Hidden down alleyways and high above the heads of passers-by are some of the Bastille’s most fascinating places. Easily missed by the casual stroller, this now-fashionable neighbourhood rewards the inquisitive visitor.
Secrets of the Bastille: The Viaduc des Arts
The Spider King
Everyone has heard of the Sun King, and the splendours of Versailles, but slightly less-known is the Spider King. Louis XI gained this nickname for various reasons – his less-than-handsome features, his skill at out-maneuvering his enemies, and the fact that he was always watching his back for fear of being stepped on. Yet without one of his generous gestures, the Bastille area in eastern Paris – more correctly called the Faubourg-St-Antoine – would look very different today.
During his reign in the mid-15th century, Louis would often enter the city through the gates in the city walls, which stood just west of the present place de la Bastille, where the infamous Bastille prison was located. He saw how poor the people were who lived outside the walls, and decided to do something to help. He allowed the people in this district to make furniture without having to make payments to the craft guilds of the time, which was then the custom. It brought many furniture makers to the area, and the trade thrived… and still flourishes today.

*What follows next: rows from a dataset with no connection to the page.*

lemma Pn_pred_mset_cong:
  assumes "mset ms = mset ms'"
  shows "(Pn_pred ms P :: 'a::comm_ring_1) = Pn_pred ms' P"
proof -
  obtain \<pi> where \<pi>: "\<pi> permutes {..<length ms'}" "permute_list \<pi> ms' = ms"
    using mset_eq_permutation[OF assms] by blast
  have len: "length ms = length ms'" using assms by (rule mset_eq_length)
  let ?f = "\<lambda>\<sigma>. of_bool (P (concat (permute_list \<sigma> ms'))) :: 'a"
  have "Pn_pred ms P = (\<Sum>\<sigma> | \<sigma> permutes {..<length ms'}. ?f (\<pi> \<circ> \<sigma>))"
    unfolding Pn_pred_def len
    by (intro sum.cong refl) (simp add: permute_list_compose \<pi>(2)[symmetric])
  also have "\<dots> = (\<Sum>\<sigma> | \<sigma> permutes {..<length ms'}. ?f \<sigma>)"
    using setum_permutations_compose_left[OF \<pi>(1), of ?f] by simp
  finally show ?thesis unfolding Pn_pred_def .
qed

lemma permute_list_transpose_comp:
  assumes "length Y = Suc m" "b < Suc m" "q permutes {..<m}"
  shows "permute_list (transpose m b \<circ> q) Y =
         permute_list q (take m (permute_list (transpose m b) Y)) @ [Y ! b]"
proof -
  let ?X = "permute_list (transpose m b) Y"
  have "transpose m b permutes {..<length Y}"
    using assms by (intro permutes_swap_id) auto
  then have last: "?X ! m = Y ! b"
    using assms(1) by (simp add: permute_list_nth transpose_def)
  have "q i < m" if "i < m" for i
    using permutes_in_image[OF assms(3)] that by simp
  then have init: "map (\<lambda>i. ?X ! q i) [0..<m] = permute_list q (take m ?X)"
    unfolding permute_list_def[of q "take m ?X"] using assms(1) by simp
  have "permute_list (transpose m b \<circ> q) Y = permute_list q ?X"
    using assms by (intro permute_list_compose permutes_subset[OF assms(3)]) auto
  also have "\<dots> = map (\<lambda>i. ?X ! q i) [0..<m] @ [?X ! q m]"
    using assms(1) by (simp add: permute_list_def)
  also have "\<dots> = permute_list q (take m ?X) @ [Y ! b]"
    using permutes_not_in[OF assms(3), of m] by (simp add: init last)
  finally show ?thesis .
qed

lemma Pn_pred_split_last:
  assumes "length Y = Suc m"
  shows "(Pn_pred Y P :: 'a::comm_ring_1) =
    (\<Sum>b<Suc m. Pn_pred (take m (permute_list (transpose m b) Y)) (\<lambda>v. P (v @ Y ! b)))"
proof -
  have len: "length (take m (permute_list (transpose m b) Y)) = m" for b
    using assms by simp
  have "(Pn_pred Y P :: 'a) =
      (\<Sum>\<sigma> | \<sigma> permutes insert m {..<m}. of_bool (P (concat (permute_list \<sigma> Y))))"
    unfolding Pn_pred_def assms lessThan_Suc by simp
  also have "\<dots> = (\<Sum>b\<in>insert m {..<m}. \<Sum>q | q permutes {..<m}.
      of_bool (P (concat (permute_list (transpose m b \<circ> q) Y))))"
    by (rule sum_over_permutations_insert) auto
  also have "\<dots> = (\<Sum>b<Suc m. Pn_pred (take m (permute_list (transpose m b) Y)) (\<lambda>v. P (v @ Y ! b)))"
    unfolding lessThan_Suc[symmetric] Pn_pred_def len
  proof (intro sum.cong refl)
    fix b q assume "b \<in> {..<Suc m}" "q \<in> {\<sigma>. \<sigma> permutes {..<m}}"
    then show "of_bool (P (concat (permute_list (transpose m b \<circ> q) Y))) =
        (of_bool (P (concat (permute_list q (take m (permute_list (transpose m b) Y))) @ Y ! b)) :: 'a)"
      using permute_list_transpose_comp[OF assms, of b q] by simp
  qed
  finally show ?thesis .
qed

lemma mset_take_permute_list_transpose:
  assumes "length Y = Suc m" "b < Suc m"
  shows "mset (take m (permute_list (transpose m b) Y)) = mset (remove1 (Y ! b) Y)"
proof -
  let ?X = "permute_list (transpose m b) Y"
  have tp: "transpose m b permutes {..<length Y}"
    using assms by (intro permutes_swap_id) auto
  have "?X = take m ?X @ [?X ! m]"
    using assms by (metis Suc_le_eq le_refl length_permute_list take_Suc_conv_app_nth take_all)
  moreover have "?X ! m = Y ! b" using assms by (simp add: permute_list_nth[OF tp])
  moreover have "mset ?X = mset Y" using tp by simp
  ultimately have "mset Y = mset (take m ?X) + {#Y ! b#}"
    by (metis mset.simps(1) mset.simps(2) mset_append add_mset_add_single)
  then show ?thesis by simp
qed

lemma Pn_pred_remove1:
  assumes "Y \<noteq> []"
  shows "(Pn_pred Y P :: 'a::comm_ring_1) = (\<Sum>b<length Y. Pn_pred (remove1 (Y ! b) Y) (\<lambda>v. P (v @ Y ! b)))"
proof -
  obtain m where m: "length Y = Suc m" using assms by (cases Y) auto
  show ?thesis
    unfolding Pn_pred_split_last[OF m] m
    by (intro sum.cong refl Pn_pred_mset_cong mset_take_permute_list_transpose[OF m]) simp
qed

lemma Pn_pred_snoc_Nil:
  "Pn_pred (Y @ [[]]) P = (of_nat (Suc (length Y)) :: 'a::comm_ring_1) * Pn_pred Y P"
proof (induction "length Y" arbitrary: Y P)
  case 0
  then show ?case using Pn_pred_remove1[of "[[]]" P] by simp
next
  case (Suc m)
  let ?Y' = "Y @ [[]]"
  have remove1_snoc: "b < length Y \<Longrightarrow> remove1 (Y ! b) ?Y' = remove1 (Y ! b) Y @ [[]]" for b
    by (simp add: remove1_append)
  have last: "(Pn_pred (remove1 [] ?Y') P :: 'a) = Pn_pred Y P"
    by (rule Pn_pred_mset_cong) simp
  have IH: "Pn_pred (remove1 (Y ! b) Y @ [[]]) Q = (of_nat (length Y) :: 'a) * Pn_pred (remove1 (Y ! b) Y) Q"
    if "b < length Y" for b Q
  proof -
    have len: "Suc (length (remove1 (Y ! b) Y)) = length Y"
      using that by (simp add: length_remove1)
    then have "m = length (remove1 (Y ! b) Y)"
      using Suc.hyps(2) by simp
    from Suc.hyps(1)[OF this, of Q] show ?thesis
      by (simp only: len)
  qed
  have "(Pn_pred ?Y' P :: 'a) = (\<Sum>b<Suc (length Y). Pn_pred (remove1 (?Y' ! b) ?Y') (\<lambda>v. P (v @ ?Y' ! b)))"
    using Pn_pred_remove1[of ?Y' P] by simp
  also have "\<dots> = (\<Sum>b<length Y. Pn_pred (remove1 (Y ! b) Y @ [[]]) (\<lambda>v. P (v @ Y ! b))) + Pn_pred Y P"
    using last by (simp add: remove1_snoc nth_append)
  also have "\<dots> = of_nat (length Y) * (\<Sum>b<length Y. Pn_pred (remove1 (Y ! b) Y) (\<lambda>v. P (v @ Y ! b)))
      + Pn_pred Y P"
    by (simp add: IH sum_distrib_left)
  also have "\<dots> = of_nat (Suc (length Y)) * Pn_pred Y P"
  proof -
    have "Y \<noteq> []" using Suc.hyps(2) by auto
    then show ?thesis using Pn_pred_remove1[of Y P, where 'a = 'a] by (simp add: algebra_simps)
  qed
  finally show ?case .
qed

Furniture-Makers down the Passage du Chantier
The Passages in the Bastille
Large furniture shops can be seen along the main street, the rue du Faubourg-St-Antoine, but look closely and you will see several entrances to alleyways, or passages, almost hidden between the shop fronts and fashionable clubs. These mostly cobbled courtyards still house the descendants of the traders who moved here in the 15th century: furniture makers, upholsterers, leatherworkers, restorers and other crafts. With a little imagination you can summon up the bustle that must have existed here, when there were more small factories with their tall chimneys, and railway tracks ran along the passages to ease the movement of the bulky goods.
Many of the shops today sell only modern furniture, and rather gaudy at that, while others offer reproduction antiques and “Prix fous!” (crazy prices). But there are some genuine artisans still working here, producing tasteful furniture in traditional styles, and, this being Paris, rustic kitchen tables and cabinets feature prominently.
High above the Streets of the Bastille:
The Promenade Plantée
Viaduc des Arts
Walk down rue St Nicholas, though, and follow the signs for the Viaduc des Arts. Here the Bastille crafts also survive, as the arches beneath a disused freight railway line have been impressively restored and now contain galleries, cafés, clothes shops and, yes, furniture makers.
Look up, though, and you may get some glimpses of greenery above the archways. This is no overgrown railway track, however, but one of the hidden gems of the whole city: the Promenade Plantée. The former freight line is now a long, thin park, which runs for about 4.5 kms (2.8 miles) from behind the Opéra Bastille, all the way to the Bois de Vincennes. Trees, shrubs and colourful flowers line the pathway, with fountains, seats, little ponds and a huge open area where a train turntable used to be. If the Spider King could see the Bastille today, he surely wouldn’t think how poor the people are, not with such pleasures above their heads and in their secret alleyways.